TRY IT -> Locate and copy each line in the data that contains the word "intro".

INFORMATION SUPPLIED ->

lemma feasible_policy_shifted:
  assumes feas: "feasible_policy nu p f Y xs bet N x th u"
    and th: "th \<in> modes nu" and th': "th' \<in> cover nu p th" and N: "N \<ge> 1"
    and bet: "is_bet nu p bet"
    and ubar: "\<forall>i\<in>modes nu. \<forall>j\<in>modes nu.
                 (xs i, ubar (xs i) j) \<in> Y j \<and> f (xs i) (ubar (xs i) j) j = xs (bet j)"
  shows "feasible_policy nu p f Y xs bet N (f x (u [th]) th) th' (shifted_policy f u ubar N x th)"
  unfolding feasible_policy_def
proof
  define v where "v = shifted_policy f u ubar N x th"
  define x' where "x' = f x (u [th]) th"
  fix hs assume hs: "hs \<in> adm_paths nu p N th'"
  have len: "length hs = N" and hs_modes: "set hs \<subseteq> modes nu"
    using hs by (auto simp: adm_paths_def all_paths_def)
  let ?gs = "take N (th # hs)"
  have gs_feas: "(\<forall>k<N. (traj f u x k ?gs, u (take (Suc k) ?gs)) \<in> Y (?gs ! k)) \<and>
      traj f u x N ?gs = xs (bet (?gs ! (N - 1)))"
    using feas adm_paths_take_Cons[OF hs th' th N] unfolding feasible_policy_def by blast
  have v_prefix: "\<And>ys. length ys < N \<Longrightarrow> v ys = u (th # ys)"
    by (simp add: v_def shifted_policy_def)
  have shift: "traj f v x' k hs = traj f u x (Suc k) (th # hs)" if "k \<le> N - 1" for k
    unfolding x'_def by (rule traj_Cons_shift[where u=u and th=th, OF v_prefix that len])
  define b where "b = ?gs ! (N - 1)"
  have b_modes: "b \<in> modes nu"
  proof -
    have "set ?gs \<subseteq> modes nu" and "length ?gs = N"
      using adm_paths_take_Cons[OF hs th' th N] by (auto simp: adm_paths_def all_paths_def)
    then show ?thesis using N nth_mem[of "N - 1" ?gs] by (auto simp: b_def)
  qed
  have last_modes: "hs ! (N - 1) \<in> modes nu" using hs_modes len N by (simp add: subset_iff)
  have u_end: "traj f u x N (th # hs) = xs (bet b)"
    using gs_feas traj_take[of N N f u x "th # hs"] by (simp add: b_def)
  have x_last: "traj f v x' (N - 1) hs = xs (bet b)"
    using shift[of "N - 1"] u_end N by simp
  have v_last: "v (take (Suc (N - 1)) hs) = ubar (xs (bet b)) (hs ! (N - 1))"
    using len N u_end by (simp add: v_def shifted_policy_def)
  have terminal: "(xs (bet b), ubar (xs (bet b)) (hs ! (N - 1))) \<in> Y (hs ! (N - 1))"
    "f (xs (bet b)) (ubar (xs (bet b)) (hs ! (N - 1))) (hs ! (N - 1)) = xs (bet (hs ! (N - 1)))"
    using ubar is_bet_in_modes[OF bet b_modes] last_modes by blast+
  show "(\<forall>k<N. (traj f v x' k hs, v (take (Suc k) hs)) \<in> Y (hs ! k)) \<and>
      traj f v x' N hs = xs (bet (hs ! (N - 1)))"
  proof (intro conjI allI impI)
    fix k assume k: "k < N"
    show "(traj f v x' k hs, v (take (Suc k) hs)) \<in> Y (hs ! k)"
    proof (cases "Suc k < N")
      case True
      have "(traj f u x (Suc k) ?gs, u (take (Suc (Suc k)) ?gs)) \<in> Y (?gs ! Suc k)"
        using gs_feas True by blast
      moreover have "traj f u x (Suc k) ?gs = traj f u x (Suc k) (th # hs)"
        using True by (intro traj_take) simp
      ultimately show ?thesis
        using shift[of k] v_prefix[of "take (Suc k) hs"] True len by (simp add: min_def)
    next
      case False
      then have "k = N - 1" using k by simp
      then show ?thesis using terminal(1) x_last v_last by simp
    qed
  next
    have "traj f v x' N hs = traj f v x' (Suc (N - 1)) hs" using N by simp
    also have "\<dots> = xs (bet (hs ! (N - 1)))" using x_last v_last terminal(2) by simp
    finally show "traj f v x' N hs = xs (bet (hs ! (N - 1)))" .
  qed
qed

theorem proposition1:
  fixes nu N :: nat
    and p :: "nat \<Rightarrow> nat \<Rightarrow> real"
    and f :: "real^'n \<Rightarrow> real^'m \<Rightarrow> nat \<Rightarrow> real^'n"
    and Y :: "nat \<Rightarrow> ((real^'n) \<times> (real^'m)) set"
    and l :: "real^'n \<Rightarrow> real^'m \<Rightarrow> nat \<Rightarrow> real"
    and xs :: "nat \<Rightarrow> real^'n" and us :: "nat \<Rightarrow> real^'m"
    and bet :: "nat \<Rightarrow> nat"
    and u :: "nat list \<Rightarrow> real^'m"
    and x :: "real^'n" and th th' :: nat
  assumes nu: "nu \<ge> 1" and N: "N \<ge> 1"
    and P: "stochastic_matrix nu p"
    and irr: "irreducible_chain nu p" and aper: "aperiodic_chain nu p"
    and l_nonneg: "\<forall>i\<in>modes nu. \<forall>x u. l x u i \<ge> 0"
    and l_lsc: "\<forall>i\<in>modes nu. lsc (\<lambda>z. l (fst z) (snd z) i)"
    and l_lb: "\<forall>i\<in>modes nu. level_bounded_loc_unif (\<lambda>x u. l x u i)"
    and f_cont: "\<forall>i\<in>modes nu. continuous_on UNIV (\<lambda>z. f (fst z) (snd z) i)"
    and Y_ne: "\<forall>i\<in>modes nu. Y i \<noteq> {}" and Y_cpt: "\<forall>i\<in>modes nu. compact (Y i)"
    and ss: "\<forall>i\<in>modes nu. optimal_steady_state l f Y i (xs i) (us i)"
    and bet: "is_bet nu p bet"
    and ctrb: "\<exists>ubar :: real^'n \<Rightarrow> nat \<Rightarrow> real^'m. \<forall>i\<in>modes nu. \<forall>j\<in>modes nu.
                 (xs i, ubar (xs i) j) \<in> Y j \<and> f (xs i) (ubar (xs i) j) j = xs (bet j)"
    and feas: "(x, th) \<in> XN nu p f Y xs bet N"
    and opt: "optimal_policy nu p f Y l xs bet N x th u"
    and th': "th' \<in> cover nu p th"
  shows "(f x (u [th]) th, th') \<in> XN nu p f Y xs bet N"
proof -
  obtain ubar :: "real^'n \<Rightarrow> nat \<Rightarrow> real^'m" where ubar: "\<forall>i\<in>modes nu. \<forall>j\<in>modes nu.
      (xs i, ubar (xs i) j) \<in> Y j \<and> f (xs i) (ubar (xs i) j) j = xs (bet j)"
    using ctrb by blast
  have "th \<in> modes nu" using feas by (simp add: XN_def)
  moreover have "feasible_policy nu p f Y xs bet N x th u"
    using opt by (simp add: optimal_policy_def)
  ultimately have "feasible_policy nu p f Y xs bet N (f x (u [th]) th) th'
      (shifted_policy f u ubar N x th)"
    using feasible_policy_shifted th' N bet ubar by metis
  moreover have "th' \<in> modes nu" using th' by (simp add: cover_def)
  ultimately show ?thesis by (auto simp: XN_def)
qed

end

OUTPUT FOR THIS EXERCISE ->
  proof (intro conjI allI impI)
        using True by (intro traj_take) simp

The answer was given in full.